## WHAT THIS TASK INVOLVES
Among the lines of the records, find all that carry the word "lemma" and copy them.

## AVAILABLE DATA
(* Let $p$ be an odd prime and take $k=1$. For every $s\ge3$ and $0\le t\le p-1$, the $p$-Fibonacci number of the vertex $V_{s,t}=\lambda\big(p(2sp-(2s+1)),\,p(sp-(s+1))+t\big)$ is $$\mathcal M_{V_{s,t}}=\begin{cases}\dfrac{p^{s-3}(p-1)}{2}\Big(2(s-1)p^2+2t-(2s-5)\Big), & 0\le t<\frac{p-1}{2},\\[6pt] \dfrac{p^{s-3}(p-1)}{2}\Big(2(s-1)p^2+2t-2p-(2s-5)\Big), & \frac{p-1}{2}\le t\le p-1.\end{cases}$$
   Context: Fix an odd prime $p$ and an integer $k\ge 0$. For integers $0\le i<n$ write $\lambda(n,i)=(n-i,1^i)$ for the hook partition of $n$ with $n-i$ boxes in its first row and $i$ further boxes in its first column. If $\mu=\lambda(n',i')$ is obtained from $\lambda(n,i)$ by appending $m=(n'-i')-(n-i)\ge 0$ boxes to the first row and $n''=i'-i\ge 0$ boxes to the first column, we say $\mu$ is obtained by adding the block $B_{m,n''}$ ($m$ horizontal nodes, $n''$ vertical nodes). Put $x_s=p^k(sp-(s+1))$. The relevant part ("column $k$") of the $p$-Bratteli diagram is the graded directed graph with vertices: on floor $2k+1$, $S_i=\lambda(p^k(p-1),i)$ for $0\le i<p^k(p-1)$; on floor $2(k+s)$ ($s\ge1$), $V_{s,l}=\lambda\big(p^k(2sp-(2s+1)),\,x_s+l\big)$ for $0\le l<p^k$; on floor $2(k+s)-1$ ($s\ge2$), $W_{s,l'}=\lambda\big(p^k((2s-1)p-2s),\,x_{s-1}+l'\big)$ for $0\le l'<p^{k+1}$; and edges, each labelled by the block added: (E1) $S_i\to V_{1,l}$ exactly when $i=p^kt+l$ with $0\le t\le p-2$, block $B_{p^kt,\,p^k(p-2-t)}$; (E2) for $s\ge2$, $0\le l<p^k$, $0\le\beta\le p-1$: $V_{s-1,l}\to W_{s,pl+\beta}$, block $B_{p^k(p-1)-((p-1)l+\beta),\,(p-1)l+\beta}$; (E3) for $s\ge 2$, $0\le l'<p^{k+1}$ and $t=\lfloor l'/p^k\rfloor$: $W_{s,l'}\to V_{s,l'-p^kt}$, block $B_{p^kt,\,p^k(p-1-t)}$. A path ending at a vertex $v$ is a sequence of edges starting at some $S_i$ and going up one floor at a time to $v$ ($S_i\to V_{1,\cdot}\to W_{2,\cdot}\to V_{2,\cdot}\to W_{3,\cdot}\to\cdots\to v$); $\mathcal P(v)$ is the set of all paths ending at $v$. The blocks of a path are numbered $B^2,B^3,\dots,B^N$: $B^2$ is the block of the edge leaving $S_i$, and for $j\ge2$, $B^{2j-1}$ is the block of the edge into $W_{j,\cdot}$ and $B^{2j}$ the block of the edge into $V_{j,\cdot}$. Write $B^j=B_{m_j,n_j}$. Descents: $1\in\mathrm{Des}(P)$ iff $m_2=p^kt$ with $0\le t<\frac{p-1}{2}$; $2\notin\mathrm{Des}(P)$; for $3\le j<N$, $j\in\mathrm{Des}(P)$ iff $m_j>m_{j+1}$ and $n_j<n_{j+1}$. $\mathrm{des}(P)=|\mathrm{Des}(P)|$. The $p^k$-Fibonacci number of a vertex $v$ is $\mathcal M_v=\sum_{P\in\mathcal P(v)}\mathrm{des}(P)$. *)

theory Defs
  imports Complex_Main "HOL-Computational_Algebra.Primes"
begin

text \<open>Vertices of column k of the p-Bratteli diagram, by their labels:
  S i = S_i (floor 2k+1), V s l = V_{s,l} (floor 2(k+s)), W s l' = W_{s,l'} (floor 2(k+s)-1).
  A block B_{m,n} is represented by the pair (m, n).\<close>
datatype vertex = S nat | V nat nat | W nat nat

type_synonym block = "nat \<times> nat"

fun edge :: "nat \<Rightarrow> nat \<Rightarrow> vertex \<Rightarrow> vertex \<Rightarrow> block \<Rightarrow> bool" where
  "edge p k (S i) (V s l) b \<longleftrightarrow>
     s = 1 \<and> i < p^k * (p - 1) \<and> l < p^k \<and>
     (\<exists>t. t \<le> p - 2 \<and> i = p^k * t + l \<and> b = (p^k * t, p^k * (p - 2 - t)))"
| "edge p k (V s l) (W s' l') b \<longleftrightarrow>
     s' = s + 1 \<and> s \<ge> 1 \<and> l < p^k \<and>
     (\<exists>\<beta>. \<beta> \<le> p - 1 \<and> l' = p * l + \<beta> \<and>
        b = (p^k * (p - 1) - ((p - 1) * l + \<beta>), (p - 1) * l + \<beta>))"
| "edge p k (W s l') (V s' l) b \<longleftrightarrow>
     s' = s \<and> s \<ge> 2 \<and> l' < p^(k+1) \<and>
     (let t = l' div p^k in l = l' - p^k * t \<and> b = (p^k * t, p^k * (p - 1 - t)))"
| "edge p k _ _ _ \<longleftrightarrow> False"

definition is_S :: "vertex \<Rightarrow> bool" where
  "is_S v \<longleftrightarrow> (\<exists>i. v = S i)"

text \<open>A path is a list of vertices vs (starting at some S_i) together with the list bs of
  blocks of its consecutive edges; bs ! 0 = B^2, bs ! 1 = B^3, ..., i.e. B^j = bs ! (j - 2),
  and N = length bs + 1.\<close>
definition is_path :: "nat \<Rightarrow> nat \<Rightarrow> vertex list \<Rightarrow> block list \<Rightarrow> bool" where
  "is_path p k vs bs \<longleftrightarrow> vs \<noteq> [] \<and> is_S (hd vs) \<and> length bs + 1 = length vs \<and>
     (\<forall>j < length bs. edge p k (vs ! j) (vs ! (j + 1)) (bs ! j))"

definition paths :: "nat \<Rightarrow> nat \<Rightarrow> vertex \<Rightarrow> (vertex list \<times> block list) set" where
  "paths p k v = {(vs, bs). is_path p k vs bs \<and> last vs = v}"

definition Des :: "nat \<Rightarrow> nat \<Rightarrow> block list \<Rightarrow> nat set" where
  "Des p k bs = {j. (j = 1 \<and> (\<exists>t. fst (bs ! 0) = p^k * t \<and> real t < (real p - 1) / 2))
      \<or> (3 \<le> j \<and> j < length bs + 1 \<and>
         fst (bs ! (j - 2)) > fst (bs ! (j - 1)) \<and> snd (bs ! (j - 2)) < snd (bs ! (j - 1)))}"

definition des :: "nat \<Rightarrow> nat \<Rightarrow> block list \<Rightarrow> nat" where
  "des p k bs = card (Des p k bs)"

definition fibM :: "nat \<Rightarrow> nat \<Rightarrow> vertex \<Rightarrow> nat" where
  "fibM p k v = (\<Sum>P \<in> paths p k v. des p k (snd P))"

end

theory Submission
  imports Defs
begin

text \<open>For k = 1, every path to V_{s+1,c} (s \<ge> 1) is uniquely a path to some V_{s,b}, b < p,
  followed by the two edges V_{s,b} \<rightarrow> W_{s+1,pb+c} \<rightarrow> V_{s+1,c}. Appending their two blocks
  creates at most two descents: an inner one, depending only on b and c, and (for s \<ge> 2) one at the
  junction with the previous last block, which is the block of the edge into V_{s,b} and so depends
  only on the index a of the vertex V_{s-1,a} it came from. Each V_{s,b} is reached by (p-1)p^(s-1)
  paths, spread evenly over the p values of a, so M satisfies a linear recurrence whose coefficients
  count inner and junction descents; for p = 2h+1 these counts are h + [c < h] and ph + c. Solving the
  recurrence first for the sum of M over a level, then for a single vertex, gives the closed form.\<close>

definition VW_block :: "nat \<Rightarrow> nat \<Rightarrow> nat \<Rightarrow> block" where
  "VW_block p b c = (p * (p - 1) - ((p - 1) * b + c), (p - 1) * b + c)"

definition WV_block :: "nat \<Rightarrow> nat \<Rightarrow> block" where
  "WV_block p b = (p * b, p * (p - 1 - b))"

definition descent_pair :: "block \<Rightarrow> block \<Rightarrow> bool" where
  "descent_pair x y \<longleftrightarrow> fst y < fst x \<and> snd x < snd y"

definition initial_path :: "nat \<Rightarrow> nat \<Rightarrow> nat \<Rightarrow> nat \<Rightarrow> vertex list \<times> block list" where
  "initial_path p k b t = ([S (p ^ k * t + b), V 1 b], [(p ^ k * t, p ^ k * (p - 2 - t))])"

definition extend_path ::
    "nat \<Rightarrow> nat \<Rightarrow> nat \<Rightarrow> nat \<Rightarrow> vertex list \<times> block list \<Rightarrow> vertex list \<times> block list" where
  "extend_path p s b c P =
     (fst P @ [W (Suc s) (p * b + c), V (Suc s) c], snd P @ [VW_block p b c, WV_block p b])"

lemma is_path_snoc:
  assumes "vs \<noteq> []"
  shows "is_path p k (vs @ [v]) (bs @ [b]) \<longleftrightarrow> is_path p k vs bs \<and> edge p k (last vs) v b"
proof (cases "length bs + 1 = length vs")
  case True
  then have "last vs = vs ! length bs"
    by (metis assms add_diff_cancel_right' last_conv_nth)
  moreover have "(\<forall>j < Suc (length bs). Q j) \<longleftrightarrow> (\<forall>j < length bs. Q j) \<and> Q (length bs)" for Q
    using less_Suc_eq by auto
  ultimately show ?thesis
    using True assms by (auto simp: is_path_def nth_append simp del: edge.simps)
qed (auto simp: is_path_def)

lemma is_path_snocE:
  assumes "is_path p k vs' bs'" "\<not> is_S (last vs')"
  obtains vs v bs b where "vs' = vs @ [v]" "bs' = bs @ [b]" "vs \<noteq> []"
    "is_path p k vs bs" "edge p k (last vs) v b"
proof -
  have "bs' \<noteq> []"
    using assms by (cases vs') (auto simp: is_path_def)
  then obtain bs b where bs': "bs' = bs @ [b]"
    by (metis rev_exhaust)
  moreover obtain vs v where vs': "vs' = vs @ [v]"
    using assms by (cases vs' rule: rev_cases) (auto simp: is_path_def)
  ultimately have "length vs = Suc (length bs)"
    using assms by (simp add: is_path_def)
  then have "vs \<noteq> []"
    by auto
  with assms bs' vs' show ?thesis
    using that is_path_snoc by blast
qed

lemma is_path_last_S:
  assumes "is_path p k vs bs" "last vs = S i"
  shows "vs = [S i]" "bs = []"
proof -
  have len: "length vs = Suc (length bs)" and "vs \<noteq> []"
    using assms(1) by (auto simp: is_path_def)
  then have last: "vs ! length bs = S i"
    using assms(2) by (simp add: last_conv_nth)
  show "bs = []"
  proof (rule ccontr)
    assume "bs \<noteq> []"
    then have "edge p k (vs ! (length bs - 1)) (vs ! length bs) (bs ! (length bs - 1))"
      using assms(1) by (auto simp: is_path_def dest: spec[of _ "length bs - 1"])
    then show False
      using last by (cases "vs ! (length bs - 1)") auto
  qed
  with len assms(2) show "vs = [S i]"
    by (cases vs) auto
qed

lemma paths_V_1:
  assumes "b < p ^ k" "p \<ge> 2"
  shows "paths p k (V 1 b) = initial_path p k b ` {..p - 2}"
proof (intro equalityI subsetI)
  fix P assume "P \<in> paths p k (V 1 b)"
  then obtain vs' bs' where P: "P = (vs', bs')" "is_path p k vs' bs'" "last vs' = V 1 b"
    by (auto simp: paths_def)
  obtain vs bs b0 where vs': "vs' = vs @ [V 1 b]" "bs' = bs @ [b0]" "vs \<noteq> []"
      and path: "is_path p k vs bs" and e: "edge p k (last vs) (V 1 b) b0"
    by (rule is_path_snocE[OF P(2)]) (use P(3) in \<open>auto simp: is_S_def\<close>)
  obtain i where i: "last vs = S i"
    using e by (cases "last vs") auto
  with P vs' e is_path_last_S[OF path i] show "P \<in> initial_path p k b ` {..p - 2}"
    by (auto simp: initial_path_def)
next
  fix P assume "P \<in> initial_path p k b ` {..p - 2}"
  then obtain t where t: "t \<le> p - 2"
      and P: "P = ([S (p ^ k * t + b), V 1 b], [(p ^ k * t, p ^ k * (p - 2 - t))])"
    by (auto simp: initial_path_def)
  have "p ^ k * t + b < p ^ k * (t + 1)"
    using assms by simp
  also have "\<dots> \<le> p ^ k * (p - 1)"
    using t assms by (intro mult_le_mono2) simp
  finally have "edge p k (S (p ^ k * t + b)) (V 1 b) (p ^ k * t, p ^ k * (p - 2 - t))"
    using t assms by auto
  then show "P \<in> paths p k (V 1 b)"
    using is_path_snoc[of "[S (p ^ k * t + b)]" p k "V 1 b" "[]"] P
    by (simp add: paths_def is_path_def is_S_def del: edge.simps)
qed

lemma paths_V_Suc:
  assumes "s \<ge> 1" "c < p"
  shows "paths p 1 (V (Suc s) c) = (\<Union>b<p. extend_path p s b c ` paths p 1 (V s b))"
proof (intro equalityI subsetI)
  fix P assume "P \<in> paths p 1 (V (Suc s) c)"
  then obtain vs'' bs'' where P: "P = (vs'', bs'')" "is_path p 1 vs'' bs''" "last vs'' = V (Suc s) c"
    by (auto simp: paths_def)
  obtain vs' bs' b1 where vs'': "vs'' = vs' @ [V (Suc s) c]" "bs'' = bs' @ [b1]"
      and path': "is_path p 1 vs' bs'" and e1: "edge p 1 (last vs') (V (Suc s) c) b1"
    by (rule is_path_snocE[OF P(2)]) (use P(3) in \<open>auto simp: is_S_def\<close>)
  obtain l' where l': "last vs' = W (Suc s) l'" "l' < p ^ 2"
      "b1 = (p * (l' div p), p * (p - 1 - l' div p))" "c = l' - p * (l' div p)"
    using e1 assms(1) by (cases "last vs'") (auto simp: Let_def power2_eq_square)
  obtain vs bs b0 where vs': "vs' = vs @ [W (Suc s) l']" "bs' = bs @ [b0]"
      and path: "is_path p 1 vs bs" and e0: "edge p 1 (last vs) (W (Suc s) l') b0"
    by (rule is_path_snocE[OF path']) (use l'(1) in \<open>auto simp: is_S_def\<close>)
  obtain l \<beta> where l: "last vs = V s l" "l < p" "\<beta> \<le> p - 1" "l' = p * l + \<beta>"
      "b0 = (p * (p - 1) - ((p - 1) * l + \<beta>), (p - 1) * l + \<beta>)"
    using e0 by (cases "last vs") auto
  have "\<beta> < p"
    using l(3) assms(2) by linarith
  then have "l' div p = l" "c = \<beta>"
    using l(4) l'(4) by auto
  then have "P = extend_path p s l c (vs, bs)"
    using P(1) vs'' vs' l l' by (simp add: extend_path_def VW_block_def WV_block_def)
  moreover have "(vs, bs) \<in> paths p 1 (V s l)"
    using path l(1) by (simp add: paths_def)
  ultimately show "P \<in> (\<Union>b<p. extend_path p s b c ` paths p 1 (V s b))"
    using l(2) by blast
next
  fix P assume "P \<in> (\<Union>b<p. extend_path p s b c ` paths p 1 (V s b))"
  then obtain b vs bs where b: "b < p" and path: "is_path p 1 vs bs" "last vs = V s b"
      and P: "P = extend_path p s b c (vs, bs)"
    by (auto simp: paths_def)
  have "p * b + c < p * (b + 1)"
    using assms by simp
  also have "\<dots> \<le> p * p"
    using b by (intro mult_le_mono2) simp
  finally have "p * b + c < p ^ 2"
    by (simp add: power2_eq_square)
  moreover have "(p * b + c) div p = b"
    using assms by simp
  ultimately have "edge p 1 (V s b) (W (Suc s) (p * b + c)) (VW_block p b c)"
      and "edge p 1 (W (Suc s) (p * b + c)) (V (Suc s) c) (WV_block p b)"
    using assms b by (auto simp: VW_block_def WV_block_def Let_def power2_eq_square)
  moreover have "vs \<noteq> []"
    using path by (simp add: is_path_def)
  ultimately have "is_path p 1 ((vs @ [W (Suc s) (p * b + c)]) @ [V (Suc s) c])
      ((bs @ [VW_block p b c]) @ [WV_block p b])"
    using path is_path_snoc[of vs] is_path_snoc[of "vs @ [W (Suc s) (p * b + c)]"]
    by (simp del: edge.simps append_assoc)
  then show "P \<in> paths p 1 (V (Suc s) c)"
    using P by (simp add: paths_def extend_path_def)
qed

## YOUR SOLUTION
lemma is_path_snoc:
lemma is_path_snocE:
lemma is_path_last_S:
lemma paths_V_1:
lemma paths_V_Suc:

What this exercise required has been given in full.